▶ _Data section_:
lemma mu_has_level_point: "\<exists>p. 0 < p \<and> p < \<zeta> \<and> \<mu> p = 1 / real a2"
proof -
  have cont: "continuous_on {0..\<zeta>} \<mu>"
    using continuous_on_mu by (rule continuous_on_subset) (use zeta in auto)
  have "\<mu> \<zeta> < 1 / real a2" using mu_strict_mono[of \<zeta> 1] zeta mu_1 by auto
  have "1 / real a2 < \<mu> 0" using mu_0 real_a1_gt_1 real_a1_lt_a2 by (simp add: frac_less2)
  then obtain p where p: "0 \<le> p" "p \<le> \<zeta>" "\<mu> p = 1 / real a2"
    using IVT2'[of \<mu> \<zeta> "1 / real a2" 0] cont zeta \<open>\<mu> \<zeta> < 1 / real a2\<close> by force
  moreover have "p \<noteq> 0" "p \<noteq> \<zeta>"
    using p \<open>\<mu> \<zeta> < 1 / real a2\<close> \<open>1 / real a2 < \<mu> 0\<close> by auto
  ultimately show ?thesis by (intro exI[of _ p]) auto
qed

definition \<rho> :: real where "\<rho> = (SOME p. 0 < p \<and> p < \<zeta> \<and> \<mu> p = 1 / real a2)"

lemma rho: "0 < \<rho>" "\<rho> < \<zeta>" "\<mu> \<rho> = 1 / real a2"
  using someI_ex[OF mu_has_level_point] unfolding \<rho>_def by auto

lemma rho_lt_1: "\<rho> < 1"
  using rho zeta by simp

lemma mu_gt_level: "0 \<le> r \<Longrightarrow> r < \<rho> \<Longrightarrow> 1 / real a2 < \<mu> r"
  using mu_strict_antimono[of r \<rho>] rho by auto

lemma mu_ge_level: "0 \<le> r \<Longrightarrow> r \<le> \<rho> \<Longrightarrow> 1 / real a2 \<le> \<mu> r"
  using mu_gt_level[of r] rho by (cases "r = \<rho>") auto

lemma mu_lt_level:
  assumes "\<rho> < r" "r < 1"
  shows "\<mu> r < 1 / real a2"
proof (cases "r \<le> \<zeta>")
  case True
  then show ?thesis using mu_strict_antimono[of \<rho> r] rho assms by auto
next
  case False
  then show ?thesis using mu_strict_mono[of r 1] mu_1 assms by auto
qed

lemma mu_le_level: "\<rho> \<le> r \<Longrightarrow> r \<le> 1 \<Longrightarrow> \<mu> r \<le> 1 / real a2"
  using mu_lt_level[of r] rho mu_1 by (cases "r = \<rho> \<or> r = 1") auto

lemma mu_le_right_of:
  assumes "0 \<le> s" "s \<le> \<rho>" "s \<le> r" "r \<le> 1"
  shows "\<mu> r \<le> \<mu> s"
proof (cases "r \<le> \<rho>")
  case True
  then show ?thesis using mu_antimono[of s r] assms rho by auto
next
  case False
  then show ?thesis using mu_le_level[of r] mu_ge_level[of s] assms by auto
qed

lemma r0_eq: "r0 a1 a2 t = \<rho>"
  unfolding r0_def
proof (rule Least_equality)
  show "\<rho> \<in> {0..1} \<and> mu a1 a2 \<rho> t = 1 / real a2"
    using rho rho_lt_1 mu_eq[of \<rho>] by auto
  show "\<rho> \<le> r" if r: "r \<in> {0..1} \<and> mu a1 a2 r t = 1 / real a2" for r
  proof (rule ccontr)
    assume "\<not> \<rho> \<le> r"
    then have "1 / real a2 < \<mu> r" using mu_gt_level[of r] r by auto
    then show False using mu_eq[of r] r by auto
  qed
qed

text \<open>\<open>\<Delta>\<^sub>t(S)\<close> is dense in \<open>[\<sigma>, a2]\<close> for every \<open>t\<close> and in \<open>[0, \<sigma>]\<close> when \<open>\<rho>\<close> is irrational;
  for rational \<open>\<rho>\<close> it misses part of \<open>(a1, \<sigma>)\<close>.\<close>
definition \<sigma> :: real where "\<sigma> = real a1 * real a2 * - d\<mu> \<rho>"

lemma dmu_rho_neg: "d\<mu> \<rho> < 0"
  using dmu_strict_mono[of \<rho> \<zeta>] rho zeta by auto

lemma sigma_pos: "0 < \<sigma>"
  unfolding \<sigma>_def using dmu_rho_neg by (simp add: mult_pos_neg)

lemma sigma_le_a2: "\<sigma> \<le> real a2"
proof -
  have "- d\<mu> \<rho> \<le> 1 / real a1" using dmu_bounds(1)[of \<rho>] rho rho_lt_1 by simp
  then have "real a1 * real a2 * - d\<mu> \<rho> \<le> real a1 * real a2 * (1 / real a1)"
    by (intro mult_left_mono) auto
  then show ?thesis unfolding \<sigma>_def by simp
qed

lemma sigma_lower_bound: "real a2 - (real a1 + real a2) * \<rho> powr (t - 1) \<le> \<sigma>"
proof -
  have "psum \<rho> = \<mu> \<rho> powr t"
    unfolding \<mu>_def using psum_pos[of \<rho>] rho rho_lt_1 t_gt_1 by (simp add: powr_powr)
  then have "weight \<rho> = \<rho> powr t"
    unfolding weight_def coord2_def using rho by (simp add: powr_divide)
  then have w: "weight \<rho> powr ((t - 1) / t) = \<rho> powr (t - 1)"
    using t_gt_1 rho by (simp add: powr_powr)
  define W where "W = 1 - weight \<rho>"
  have "0 \<le> W" "W \<le> 1" unfolding W_def using weight_range[of \<rho>] rho rho_lt_1 by auto
  then have "real a2 * W \<le> real a2 * W powr ((t - 1) / t)"
    using powr_mono'[of "(t - 1) / t" 1 W] t_gt_1 by simp
  moreover have "real a2 - real a2 * \<rho> powr (t - 1) \<le> real a2 * W"
    using powr_mono'[of "t - 1" t \<rho>] rho rho_lt_1
    unfolding W_def \<open>weight \<rho> = \<rho> powr t\<close> by (simp add: right_diff_distrib)
  moreover have "real a1 * real a2 * - (A / real a2 - B / real a1) = real a2 * B - real a1 * A" for A B
    by (simp add: field_simps)
  then have "\<sigma> = real a2 * W powr ((t - 1) / t) - real a1 * \<rho> powr (t - 1)"
    unfolding \<sigma>_def d\<mu>_def slope_def W_def w by simp
  ultimately show ?thesis unfolding distrib_right by linarith
qed

section \<open>Factorizations as shares\<close>

text \<open>A factorization \<open>(m, n)\<close> of \<open>x\<close> is encoded by the share \<open>r = n a2 / x\<close> of \<open>x\<close> carried by
  the generator \<open>a2\<close>; its \<open>t\<close>-length is then \<open>x \<mu>(r)\<close>.\<close>
definition shares :: "nat \<Rightarrow> real set" where
  "shares x = (\<lambda>(m, n). real a2 * real n / real x) ` factorizations a1 a2 x"

lemma finite_shares: "finite (shares x)"
  unfolding shares_def using finite_factorizations[of a1 a2 x] by simp

lemma shares_subset: "shares x \<subseteq> {0..1}"
proof clarify
  fix r assume "r \<in> shares x"
  then obtain m n where mn: "m * a1 + n * a2 = x" "r = real a2 * real n / real x"
    unfolding shares_def factorizations_def by auto
  then have "real a2 * real n \<le> real x" by (metis le_add2 mult.commute of_nat_le_iff of_nat_mult)
  then show "r \<in> {0..1}" using mn(2) by (auto simp: divide_le_eq_1)
qed

lemma shares_bounds: "r \<in> shares x \<Longrightarrow> 0 \<le> r" "r \<in> shares x \<Longrightarrow> r \<le> 1"
  using shares_subset[of x] by auto

lemma tnorm_eq_mu:
  assumes "0 < x" "m * a1 + n * a2 = x"
  shows "tnorm t (real m, real n) = real x * \<mu> (real a2 * real n / real x)"
proof -
  have x: "0 < real x" "real x = real m * real a1 + real n * real a2"
    using assms by (simp_all flip: of_nat_mult of_nat_add)
  then have "1 - real a2 * real n / real x = real a1 * real m / real x"
    by (simp add: field_simps)
  then have "coord1 (real a2 * real n / real x) = real m / real x"
    unfolding coord1_def by simp
  moreover have "coord2 (real a2 * real n / real x) = real n / real x"
    unfolding coord2_def by simp
  ultimately have "\<mu> (real a2 * real n / real x) = tnorm t (real m, real n) / real x"
    unfolding \<mu>_def psum_def tnorm_def using x t_gt_1
    by (simp add: powr_divide add_divide_distrib[symmetric] powr_powr)
  then show ?thesis using x by simp
qed

lemma tlengths_eq:
  assumes "0 < x"
  shows "tlengths a1 a2 t x = (\<lambda>r. real x * \<mu> r) ` shares x"
  unfolding tlengths_def shares_def image_image
  by (rule image_cong[OF refl]) (auto simp: factorizations_def tnorm_eq_mu[OF assms])

lemma shares_step:
  assumes "0 < x" "r \<in> shares x" "r' \<in> shares x" "r < r'"
  shows "r + real a1 * real a2 / real x \<in> shares x" "r + real a1 * real a2 / real x \<le> r'"
proof -
  obtain m n where mn: "(m, n) \<in> factorizations a1 a2 x" "r = real a2 * real n / real x"
    using assms(2) unfolding shares_def by auto
  obtain m' n' where mn': "(m', n') \<in> factorizations a1 a2 x" "r' = real a2 * real n' / real x"
    using assms(3) unfolding shares_def by auto
  have "n < n'" using assms(1,4) mn(2) mn'(2) by (simp add: divide_less_cancel)
  then have trade: "(m - a2, n + a1) \<in> factorizations a1 a2 x" "n + a1 \<le> n'"
    using factorization_trade[OF coprime _ _ mn(1) mn'(1)] by auto
  have r: "r + real a1 * real a2 / real x = real a2 * real (n + a1) / real x"
    using mn(2) by (simp add: add_divide_distrib algebra_simps)
  show "r + real a1 * real a2 / real x \<in> shares x"
    unfolding r shares_def using trade(1) by force
  show "r + real a1 * real a2 / real x \<le> r'"
    unfolding r mn'(2) using trade(2) by (intro divide_right_mono mult_left_mono) auto
qed

lemma Max_shares:
  assumes "0 < x" "factorizations a1 a2 x \<noteq> {}"
  obtains m0 n0 where "(m0, n0) \<in> factorizations a1 a2 x" "m0 < a2"
    "Max (shares x) = real a2 * real n0 / real x"
proof -
  have "shares x \<noteq> {}" using assms unfolding shares_def by auto
  then have "Max (shares x) \<in> shares x" by (rule Max_in[OF finite_shares])
  then obtain m0 n0 where mn: "(m0, n0) \<in> factorizations a1 a2 x"
    "Max (shares x) = real a2 * real n0 / real x"
    unfolding shares_def by auto
  have "m0 < a2"
  proof (rule ccontr)
    assume "\<not> m0 < a2"
    then obtain k where "m0 = a2 + k" using le_Suc_ex not_less by blast
    then have "(m0 - a2) * a1 + (n0 + a1) * a2 = m0 * a1 + n0 * a2"
      by (simp add: algebra_simps diff_mult_distrib)
    then have "real a2 * real (n0 + a1) / real x \<in> shares x"
      using mn(1) unfolding shares_def factorizations_def by force
    then have "real a2 * real (n0 + a1) / real x \<le> Max (shares x)" using finite_shares by simp
    moreover have "real a2 * real n0 / real x < real a2 * real (n0 + a1) / real x"
      using assms(1) by (simp add: divide_strict_right_mono)
    ultimately show False using mn(2) by simp
  qed
  then show ?thesis using mn that by blast
qed

lemma shares_multiple:
  assumes "0 < N"
  shows "shares (a1 * a2 * N) = (\<lambda>k. real k / real N) ` {..N}"
proof
  show "shares (a1 * a2 * N) \<subseteq> (\<lambda>k. real k / real N) ` {..N}"
  proof
    fix r assume "r \<in> shares (a1 * a2 * N)"
    then obtain m n where mn: "m * a1 + n * a2 = a1 * a2 * N"
      "r = real a2 * real n / real (a1 * a2 * N)"
      unfolding shares_def factorizations_def by auto
    then have "a2 dvd m * a1" by (metis dvd_add_times_triv_right_iff dvd_triv_left mult.assoc mult.commute)
    then obtain i where i: "m = a2 * i"
      using coprime by (metis coprime_commute coprime_dvd_mult_left_iff dvdE)
    then have "a2 * (i * a1 + n) = a2 * (a1 * N)" using mn(1) by (simp add: algebra_simps)
    then have iN: "i * a1 + n = a1 * N" by simp
    then have "i * a1 \<le> a1 * N" by linarith
    then have "i \<le> N" by (simp add: mult.commute)
    have "n = a1 * (N - i)" using iN by (simp add: diff_mult_distrib2 mult.commute)
    then have "r = real (N - i) / real N"
      using mn(2) assms by (simp add: field_simps)
    then show "r \<in> (\<lambda>k. real k / real N) ` {..N}" by auto
  qed
  show "(\<lambda>k. real k / real N) ` {..N} \<subseteq> shares (a1 * a2 * N)"
  proof (rule image_subsetI)
    fix k assume "k \<in> {..N}"
    then have "(a2 * (N - k)) * a1 + (a1 * k) * a2 = a1 * a2 * N"
      by (simp add: algebra_simps diff_mult_distrib2)
    then have "(a2 * (N - k), a1 * k) \<in> factorizations a1 a2 (a1 * a2 * N)"
      unfolding factorizations_def by simp
    moreover have "real k / real N = real a2 * real (a1 * k) / real (a1 * a2 * N)"
      using assms by (simp add: field_simps)
    ultimately show "real k / real N \<in> shares (a1 * a2 * N)" unfolding shares_def by force
  qed
qed

lemma multiple_in_semigrp: "a1 * a2 * N \<in> semigrp a1 a2"
  unfolding semigrp_def by (rule CollectI exI[of _ 0] exI[of _ "a1 * N"])+ (simp add: algebra_simps)

lemma finite_delta_t: "finite (delta_t a1 a2 t x)"
  unfolding delta_t_def tlengths_def using finite_factorizations[of a1 a2 x]
  by (intro consec_diffs_finite) auto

▶ _Work order_: From the records above, copy only the lines starting with the line that holds "N \<in> semigrp" and going on through the line that holds "(delta_t a1 a2", exactly as written.

▶ _Result for this task_:
lemma multiple_in_semigrp: "a1 * a2 * N \<in> semigrp a1 a2"
  unfolding semigrp_def by (rule CollectI exI[of _ 0] exI[of _ "a1 * N"])+ (simp add: algebra_simps)

lemma finite_delta_t: "finite (delta_t a1 a2 t x)"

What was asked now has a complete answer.